比較例4は、樹脂複合材料皮膜1を構成する樹脂粒子2と、無機粒子3と、が実施例1と異なるものであり、その他は実施例1と同様である。表1の「比較例4」に示す、樹脂複合材料皮膜1を構成する樹脂粒子2の粒径と、無機粒子3の短径と、無機粒子3のアスペクト比と、無機粒子3の体積割合と、を用いた。樹脂粒子2には、PolySciences社製PTFE粉末Microdispers-200を用いた。無機粒子3には、DIC株式会社製アルミナフィラーAP20を用いた。

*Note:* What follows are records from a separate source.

lemma kron_ones_inverse_kron_ones:
  fixes A :: "real mat"
  assumes A: "A \<in> carrier_mat m m" and R: "mat_inverse (A - x \<cdot>\<^sub>m 1\<^sub>m m) = Some R"
  shows "(b \<cdot>\<^sub>m kron (ones_mat 1 m) (1\<^sub>m n)) * kron R (1\<^sub>m n) * (b \<cdot>\<^sub>m kron (ones_mat m 1) (1\<^sub>m n))
    = (b\<^sup>2 * coronal A x) \<cdot>\<^sub>m 1\<^sub>m n"
proof -
  define J1 where "J1 = kron (ones_mat 1 m) (1\<^sub>m n)"
  define Jm where "Jm = kron (ones_mat m 1) (1\<^sub>m n)"
  have ones: "ones_mat 1 m \<in> carrier_mat 1 m" "ones_mat m 1 \<in> carrier_mat m 1"
    by (simp_all add: ones_mat_def)
  have J1: "J1 \<in> carrier_mat n (m * n)" and Jm: "Jm \<in> carrier_mat (m * n) n"
    unfolding J1_def Jm_def
    using kron_carrier_mat[OF ones(1) one_carrier_mat, of n] kron_carrier_mat[OF ones(2) one_carrier_mat, of n]
    by auto
  have "A - x \<cdot>\<^sub>m 1\<^sub>m m \<in> carrier_mat m m" by (simp add: minus_carrier_mat)
  then have R_carrier: "R \<in> carrier_mat m m" using mat_inverse(2)[OF _ R] by auto
  then have kron_R: "kron R (1\<^sub>m n) \<in> carrier_mat (m * n) (m * n)" by simp
  then have J1R: "J1 * kron R (1\<^sub>m n) \<in> carrier_mat n (m * n)" using J1 by simp
  have "(b \<cdot>\<^sub>m J1) * kron R (1\<^sub>m n) * (b \<cdot>\<^sub>m Jm) = b \<cdot>\<^sub>m (b \<cdot>\<^sub>m (J1 * kron R (1\<^sub>m n) * Jm))"
    by (simp only: mult_smult_assoc_mat[OF J1 kron_R] mult_smult_distrib[OF J1R Jm]
        mult_smult_assoc_mat[OF J1R smult_carrier_mat[OF Jm]])
  also have "J1 * kron R (1\<^sub>m n) * Jm = kron (ones_mat 1 m * R * ones_mat m 1) (1\<^sub>m n)"
    unfolding J1_def Jm_def
    by (simp only: kron_one_right_mult[OF ones(1) R_carrier]
        kron_one_right_mult[OF mult_carrier_mat[OF ones(1) R_carrier] ones(2)])
  also have "\<dots> = coronal A x \<cdot>\<^sub>m 1\<^sub>m n"
  proof -
    have "ones_mat 1 m * R * ones_mat m 1 \<in> carrier_mat 1 1" using ones R_carrier by simp
    then show ?thesis by (simp only: kron_one_right_1x1 ones_inverse_ones_eq_coronal[OF A R])
  qed
  also have "b \<cdot>\<^sub>m (b \<cdot>\<^sub>m (coronal A x \<cdot>\<^sub>m 1\<^sub>m n)) = (b\<^sup>2 * coronal A x) \<cdot>\<^sub>m (1\<^sub>m n :: real mat)"
    by (intro eq_matI) (auto simp: power2_eq_square)
  finally show ?thesis unfolding J1_def Jm_def .
qed

lemma charP_corona_block:
  fixes A0 A1 :: "real mat"
  assumes A0: "A0 \<in> carrier_mat n n" and A1: "A1 \<in> carrier_mat m m"
    and not_eigenvalue: "\<not> eigenvalue A1 x"
  shows "charP (four_block_mat A0 (b \<cdot>\<^sub>m kron (ones_mat 1 m) (1\<^sub>m n))
      (b \<cdot>\<^sub>m kron (ones_mat m 1) (1\<^sub>m n)) (kron A1 (1\<^sub>m n))) x =
    charP A1 x ^ n * charP A0 (x + b\<^sup>2 * coronal A1 x)"
proof -
  define K where "K = A1 - x \<cdot>\<^sub>m 1\<^sub>m m"
  define B where "B = b \<cdot>\<^sub>m kron (ones_mat 1 m) (1\<^sub>m n)"
  define C where "C = b \<cdot>\<^sub>m kron (ones_mat m 1) (1\<^sub>m n)"
  have K: "K \<in> carrier_mat m m" using A1 by (simp add: K_def minus_carrier_mat)
  have B: "B \<in> carrier_mat n (m * n)" and C: "C \<in> carrier_mat (m * n) n"
    unfolding B_def C_def ones_mat_def
    using kron_carrier_mat[OF mat_carrier one_carrier_mat, of 1 m _ n]
      kron_carrier_mat[OF mat_carrier one_carrier_mat, of m 1 _ n]
    by auto
  have "char_matrix A1 x = K" using A1 by (intro eq_matI) (auto simp: char_matrix_def K_def)
  then have "det K \<noteq> 0" using not_eigenvalue eigenvalue_det[OF A1] by simp
  then obtain R where R: "mat_inverse K = Some R"
    using mat_inverse(1)[OF K] det_non_zero_imp_unit[OF K] by fastforce
  then have R_carrier: "R \<in> carrier_mat m m" and KR: "K * R = 1\<^sub>m m"
    using mat_inverse(2)[OF K] by auto
  have inverse: "kron K (1\<^sub>m n) * kron R (1\<^sub>m n) = 1\<^sub>m (m * n)"
    using kron_one_right_mult[OF K R_carrier] KR kron_one_one by simp
  have "charP (four_block_mat A0 B C (kron A1 (1\<^sub>m n))) x
      = det (four_block_mat (A0 - x \<cdot>\<^sub>m 1\<^sub>m n) B C (kron K (1\<^sub>m n)))"
    using A0 A1 B C
    by (simp add: charP_def four_block_mat_minus_smult_one K_def kron_one_right_minus_smult_one)
  also have "\<dots> = det (A0 - x \<cdot>\<^sub>m 1\<^sub>m n - B * kron R (1\<^sub>m n) * C) * det (kron K (1\<^sub>m n))"
    using A0 B C K R_carrier inverse by (intro det_schur_complement) auto
  also have "B * kron R (1\<^sub>m n) * C = (b\<^sup>2 * coronal A1 x) \<cdot>\<^sub>m 1\<^sub>m n"
    unfolding B_def C_def using kron_ones_inverse_kron_ones[OF A1 R[unfolded K_def]] .
  also have "A0 - x \<cdot>\<^sub>m 1\<^sub>m n - (b\<^sup>2 * coronal A1 x) \<cdot>\<^sub>m 1\<^sub>m n = A0 - (x + b\<^sup>2 * coronal A1 x) \<cdot>\<^sub>m 1\<^sub>m n"
    using A0 by (intro eq_matI) (auto simp: algebra_simps)
  finally show ?thesis
    using A0 A1 det_kron_one_right[OF K] by (simp add: charP_def B_def C_def K_def)
qed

樹脂粒子2と、無機粒子3と、を混合した混合粉末を用いて、コールドスプレーによりガス温度300℃、ガス圧0.5MPaにて基材9に樹脂複合材料皮膜1を形成した。樹脂複合材料皮膜1の形成後、走査型電子顕微鏡による断面観察から、面方向D1に対する無機粒子3の角度を測定した。レーザー顕微鏡による表面観察から、皮膜表面凹凸を測定した。結果を表1に示す。比較例4の樹脂複合材料皮膜1では、表面凹凸の大きさが適度な表面凹凸よりも小さく、32μmであった。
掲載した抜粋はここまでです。